> **Problem description**
Repeat the listing exactly, line by line.

> **Task material**
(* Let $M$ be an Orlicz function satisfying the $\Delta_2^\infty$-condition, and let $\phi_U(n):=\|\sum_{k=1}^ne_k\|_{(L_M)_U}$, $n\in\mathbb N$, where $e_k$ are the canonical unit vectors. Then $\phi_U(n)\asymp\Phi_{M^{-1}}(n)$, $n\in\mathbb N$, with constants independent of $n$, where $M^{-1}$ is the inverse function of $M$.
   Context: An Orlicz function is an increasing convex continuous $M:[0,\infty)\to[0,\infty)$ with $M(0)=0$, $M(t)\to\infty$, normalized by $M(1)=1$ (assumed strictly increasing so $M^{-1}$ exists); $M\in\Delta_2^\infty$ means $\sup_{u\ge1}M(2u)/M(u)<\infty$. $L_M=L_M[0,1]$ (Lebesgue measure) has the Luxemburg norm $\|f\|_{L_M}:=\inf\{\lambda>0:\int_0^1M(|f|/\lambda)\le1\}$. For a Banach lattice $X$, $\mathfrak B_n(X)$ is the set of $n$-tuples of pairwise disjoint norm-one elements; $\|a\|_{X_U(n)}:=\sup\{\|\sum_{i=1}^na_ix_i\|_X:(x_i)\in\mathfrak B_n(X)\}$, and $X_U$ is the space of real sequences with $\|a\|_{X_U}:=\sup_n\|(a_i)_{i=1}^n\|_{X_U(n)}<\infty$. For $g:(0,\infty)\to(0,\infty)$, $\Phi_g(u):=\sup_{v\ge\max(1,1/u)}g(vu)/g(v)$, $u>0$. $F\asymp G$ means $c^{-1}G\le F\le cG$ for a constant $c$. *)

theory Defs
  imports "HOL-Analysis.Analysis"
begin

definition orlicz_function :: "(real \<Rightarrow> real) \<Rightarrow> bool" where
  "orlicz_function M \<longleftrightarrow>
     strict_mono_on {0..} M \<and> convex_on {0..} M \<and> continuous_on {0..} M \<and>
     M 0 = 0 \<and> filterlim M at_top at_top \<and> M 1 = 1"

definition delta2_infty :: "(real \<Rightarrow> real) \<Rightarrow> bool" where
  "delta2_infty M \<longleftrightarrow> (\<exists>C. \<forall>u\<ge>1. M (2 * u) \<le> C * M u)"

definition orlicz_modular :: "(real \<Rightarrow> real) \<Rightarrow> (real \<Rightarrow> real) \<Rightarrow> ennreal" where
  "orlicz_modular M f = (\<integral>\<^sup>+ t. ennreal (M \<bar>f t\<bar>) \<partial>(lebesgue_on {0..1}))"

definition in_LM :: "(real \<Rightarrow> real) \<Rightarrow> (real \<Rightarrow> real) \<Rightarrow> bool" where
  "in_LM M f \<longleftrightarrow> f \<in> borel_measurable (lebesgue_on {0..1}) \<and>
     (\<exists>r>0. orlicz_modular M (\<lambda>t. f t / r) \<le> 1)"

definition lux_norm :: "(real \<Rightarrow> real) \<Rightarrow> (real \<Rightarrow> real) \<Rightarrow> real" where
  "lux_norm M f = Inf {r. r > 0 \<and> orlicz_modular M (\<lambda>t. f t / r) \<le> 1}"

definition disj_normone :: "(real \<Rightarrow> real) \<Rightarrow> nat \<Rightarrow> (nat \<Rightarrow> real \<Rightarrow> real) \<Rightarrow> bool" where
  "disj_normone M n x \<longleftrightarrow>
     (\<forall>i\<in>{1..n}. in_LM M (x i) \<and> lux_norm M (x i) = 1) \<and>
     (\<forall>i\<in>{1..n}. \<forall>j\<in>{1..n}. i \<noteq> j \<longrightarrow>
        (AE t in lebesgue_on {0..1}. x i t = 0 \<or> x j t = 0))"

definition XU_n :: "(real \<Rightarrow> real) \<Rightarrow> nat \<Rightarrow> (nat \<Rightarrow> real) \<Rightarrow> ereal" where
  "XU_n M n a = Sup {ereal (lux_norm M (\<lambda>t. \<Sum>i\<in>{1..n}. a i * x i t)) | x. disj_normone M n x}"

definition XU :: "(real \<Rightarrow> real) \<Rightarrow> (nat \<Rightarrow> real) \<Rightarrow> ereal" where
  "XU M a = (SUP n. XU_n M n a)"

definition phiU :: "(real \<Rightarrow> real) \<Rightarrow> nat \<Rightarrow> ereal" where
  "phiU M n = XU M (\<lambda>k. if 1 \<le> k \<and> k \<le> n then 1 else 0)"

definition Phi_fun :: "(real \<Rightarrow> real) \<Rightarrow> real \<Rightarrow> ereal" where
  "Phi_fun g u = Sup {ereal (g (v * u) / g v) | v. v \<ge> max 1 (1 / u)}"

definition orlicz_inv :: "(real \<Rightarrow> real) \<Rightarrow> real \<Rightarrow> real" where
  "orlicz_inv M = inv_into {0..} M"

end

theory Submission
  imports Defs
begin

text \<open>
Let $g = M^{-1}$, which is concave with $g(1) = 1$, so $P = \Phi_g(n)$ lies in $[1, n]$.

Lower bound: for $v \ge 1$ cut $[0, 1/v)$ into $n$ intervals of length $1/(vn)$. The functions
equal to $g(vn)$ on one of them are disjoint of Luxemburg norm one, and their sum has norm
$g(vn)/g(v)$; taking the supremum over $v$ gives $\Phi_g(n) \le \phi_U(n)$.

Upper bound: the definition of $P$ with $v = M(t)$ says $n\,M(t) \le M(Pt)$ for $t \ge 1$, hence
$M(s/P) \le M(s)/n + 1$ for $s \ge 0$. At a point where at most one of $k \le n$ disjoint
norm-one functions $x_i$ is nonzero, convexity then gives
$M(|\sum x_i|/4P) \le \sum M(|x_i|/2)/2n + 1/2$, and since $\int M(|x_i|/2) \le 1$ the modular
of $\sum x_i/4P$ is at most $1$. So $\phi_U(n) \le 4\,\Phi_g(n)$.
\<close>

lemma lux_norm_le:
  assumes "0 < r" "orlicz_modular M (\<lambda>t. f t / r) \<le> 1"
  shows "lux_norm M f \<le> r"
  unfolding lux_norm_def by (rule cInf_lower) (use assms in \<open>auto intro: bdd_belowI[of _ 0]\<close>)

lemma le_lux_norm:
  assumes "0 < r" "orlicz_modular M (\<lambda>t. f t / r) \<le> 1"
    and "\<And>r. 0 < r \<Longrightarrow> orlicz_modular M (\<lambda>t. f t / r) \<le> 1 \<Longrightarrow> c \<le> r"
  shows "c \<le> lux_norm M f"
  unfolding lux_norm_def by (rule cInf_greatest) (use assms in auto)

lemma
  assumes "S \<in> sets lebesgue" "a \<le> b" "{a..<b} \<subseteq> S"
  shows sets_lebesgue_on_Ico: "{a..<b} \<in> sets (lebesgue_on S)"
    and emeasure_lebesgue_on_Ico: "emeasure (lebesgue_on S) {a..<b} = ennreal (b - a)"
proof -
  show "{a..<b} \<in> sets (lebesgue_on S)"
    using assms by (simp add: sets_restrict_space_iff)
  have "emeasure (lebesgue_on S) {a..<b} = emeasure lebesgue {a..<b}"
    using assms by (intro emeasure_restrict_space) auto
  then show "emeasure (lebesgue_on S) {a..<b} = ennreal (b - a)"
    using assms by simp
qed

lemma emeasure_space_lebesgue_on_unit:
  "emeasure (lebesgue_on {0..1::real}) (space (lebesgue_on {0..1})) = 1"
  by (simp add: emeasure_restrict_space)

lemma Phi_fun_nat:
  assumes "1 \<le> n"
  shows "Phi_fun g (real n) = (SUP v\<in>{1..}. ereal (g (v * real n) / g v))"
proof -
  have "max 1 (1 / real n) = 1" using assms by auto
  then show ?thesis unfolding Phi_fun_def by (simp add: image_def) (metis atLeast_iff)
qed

> **Solution to the problem**
(* Let $M$ be an Orlicz function satisfying the $\Delta_2^\infty$-condition, and let $\phi_U(n):=\|\sum_{k=1}^ne_k\|_{(L_M)_U}$, $n\in\mathbb N$, where $e_k$ are the canonical unit vectors. Then $\phi_U(n)\asymp\Phi_{M^{-1}}(n)$, $n\in\mathbb N$, with constants independent of $n$, where $M^{-1}$ is the inverse function of $M$.
   Context: An Orlicz function is an increasing convex continuous $M:[0,\infty)\to[0,\infty)$ with $M(0)=0$, $M(t)\to\infty$, normalized by $M(1)=1$ (assumed strictly increasing so $M^{-1}$ exists); $M\in\Delta_2^\infty$ means $\sup_{u\ge1}M(2u)/M(u)<\infty$. $L_M=L_M[0,1]$ (Lebesgue measure) has the Luxemburg norm $\|f\|_{L_M}:=\inf\{\lambda>0:\int_0^1M(|f|/\lambda)\le1\}$. For a Banach lattice $X$, $\mathfrak B_n(X)$ is the set of $n$-tuples of pairwise disjoint norm-one elements; $\|a\|_{X_U(n)}:=\sup\{\|\sum_{i=1}^na_ix_i\|_X:(x_i)\in\mathfrak B_n(X)\}$, and $X_U$ is the space of real sequences with $\|a\|_{X_U}:=\sup_n\|(a_i)_{i=1}^n\|_{X_U(n)}<\infty$. For $g:(0,\infty)\to(0,\infty)$, $\Phi_g(u):=\sup_{v\ge\max(1,1/u)}g(vu)/g(v)$, $u>0$. $F\asymp G$ means $c^{-1}G\le F\le cG$ for a constant $c$. *)

theory Defs
  imports "HOL-Analysis.Analysis"
begin

definition orlicz_function :: "(real \<Rightarrow> real) \<Rightarrow> bool" where
  "orlicz_function M \<longleftrightarrow>
     strict_mono_on {0..} M \<and> convex_on {0..} M \<and> continuous_on {0..} M \<and>
     M 0 = 0 \<and> filterlim M at_top at_top \<and> M 1 = 1"

definition delta2_infty :: "(real \<Rightarrow> real) \<Rightarrow> bool" where
  "delta2_infty M \<longleftrightarrow> (\<exists>C. \<forall>u\<ge>1. M (2 * u) \<le> C * M u)"

definition orlicz_modular :: "(real \<Rightarrow> real) \<Rightarrow> (real \<Rightarrow> real) \<Rightarrow> ennreal" where
  "orlicz_modular M f = (\<integral>\<^sup>+ t. ennreal (M \<bar>f t\<bar>) \<partial>(lebesgue_on {0..1}))"

definition in_LM :: "(real \<Rightarrow> real) \<Rightarrow> (real \<Rightarrow> real) \<Rightarrow> bool" where
  "in_LM M f \<longleftrightarrow> f \<in> borel_measurable (lebesgue_on {0..1}) \<and>
     (\<exists>r>0. orlicz_modular M (\<lambda>t. f t / r) \<le> 1)"

definition lux_norm :: "(real \<Rightarrow> real) \<Rightarrow> (real \<Rightarrow> real) \<Rightarrow> real" where
  "lux_norm M f = Inf {r. r > 0 \<and> orlicz_modular M (\<lambda>t. f t / r) \<le> 1}"

definition disj_normone :: "(real \<Rightarrow> real) \<Rightarrow> nat \<Rightarrow> (nat \<Rightarrow> real \<Rightarrow> real) \<Rightarrow> bool" where
  "disj_normone M n x \<longleftrightarrow>
     (\<forall>i\<in>{1..n}. in_LM M (x i) \<and> lux_norm M (x i) = 1) \<and>
     (\<forall>i\<in>{1..n}. \<forall>j\<in>{1..n}. i \<noteq> j \<longrightarrow>
        (AE t in lebesgue_on {0..1}. x i t = 0 \<or> x j t = 0))"

definition XU_n :: "(real \<Rightarrow> real) \<Rightarrow> nat \<Rightarrow> (nat \<Rightarrow> real) \<Rightarrow> ereal" where
  "XU_n M n a = Sup {ereal (lux_norm M (\<lambda>t. \<Sum>i\<in>{1..n}. a i * x i t)) | x. disj_normone M n x}"

definition XU :: "(real \<Rightarrow> real) \<Rightarrow> (nat \<Rightarrow> real) \<Rightarrow> ereal" where
  "XU M a = (SUP n. XU_n M n a)"

definition phiU :: "(real \<Rightarrow> real) \<Rightarrow> nat \<Rightarrow> ereal" where
  "phiU M n = XU M (\<lambda>k. if 1 \<le> k \<and> k \<le> n then 1 else 0)"

definition Phi_fun :: "(real \<Rightarrow> real) \<Rightarrow> real \<Rightarrow> ereal" where
  "Phi_fun g u = Sup {ereal (g (v * u) / g v) | v. v \<ge> max 1 (1 / u)}"

definition orlicz_inv :: "(real \<Rightarrow> real) \<Rightarrow> real \<Rightarrow> real" where
  "orlicz_inv M = inv_into {0..} M"

end

theory Submission
  imports Defs
begin

text \<open>
Let $g = M^{-1}$, which is concave with $g(1) = 1$, so $P = \Phi_g(n)$ lies in $[1, n]$.

Lower bound: for $v \ge 1$ cut $[0, 1/v)$ into $n$ intervals of length $1/(vn)$. The functions
equal to $g(vn)$ on one of them are disjoint of Luxemburg norm one, and their sum has norm
$g(vn)/g(v)$; taking the supremum over $v$ gives $\Phi_g(n) \le \phi_U(n)$.

Upper bound: the definition of $P$ with $v = M(t)$ says $n\,M(t) \le M(Pt)$ for $t \ge 1$, hence
$M(s/P) \le M(s)/n + 1$ for $s \ge 0$. At a point where at most one of $k \le n$ disjoint
norm-one functions $x_i$ is nonzero, convexity then gives
$M(|\sum x_i|/4P) \le \sum M(|x_i|/2)/2n + 1/2$, and since $\int M(|x_i|/2) \le 1$ the modular
of $\sum x_i/4P$ is at most $1$. So $\phi_U(n) \le 4\,\Phi_g(n)$.
\<close>

lemma lux_norm_le:
  assumes "0 < r" "orlicz_modular M (\<lambda>t. f t / r) \<le> 1"
  shows "lux_norm M f \<le> r"
  unfolding lux_norm_def by (rule cInf_lower) (use assms in \<open>auto intro: bdd_belowI[of _ 0]\<close>)

lemma le_lux_norm:
  assumes "0 < r" "orlicz_modular M (\<lambda>t. f t / r) \<le> 1"
    and "\<And>r. 0 < r \<Longrightarrow> orlicz_modular M (\<lambda>t. f t / r) \<le> 1 \<Longrightarrow> c \<le> r"
  shows "c \<le> lux_norm M f"
  unfolding lux_norm_def by (rule cInf_greatest) (use assms in auto)

lemma
  assumes "S \<in> sets lebesgue" "a \<le> b" "{a..<b} \<subseteq> S"
  shows sets_lebesgue_on_Ico: "{a..<b} \<in> sets (lebesgue_on S)"
    and emeasure_lebesgue_on_Ico: "emeasure (lebesgue_on S) {a..<b} = ennreal (b - a)"
proof -
  show "{a..<b} \<in> sets (lebesgue_on S)"
    using assms by (simp add: sets_restrict_space_iff)
  have "emeasure (lebesgue_on S) {a..<b} = emeasure lebesgue {a..<b}"
    using assms by (intro emeasure_restrict_space) auto
  then show "emeasure (lebesgue_on S) {a..<b} = ennreal (b - a)"
    using assms by simp
qed

lemma emeasure_space_lebesgue_on_unit:
  "emeasure (lebesgue_on {0..1::real}) (space (lebesgue_on {0..1})) = 1"
  by (simp add: emeasure_restrict_space)

lemma Phi_fun_nat:
  assumes "1 \<le> n"
  shows "Phi_fun g (real n) = (SUP v\<in>{1..}. ereal (g (v * real n) / g v))"
proof -
  have "max 1 (1 / real n) = 1" using assms by auto
  then show ?thesis unfolding Phi_fun_def by (simp add: image_def) (metis atLeast_iff)
qed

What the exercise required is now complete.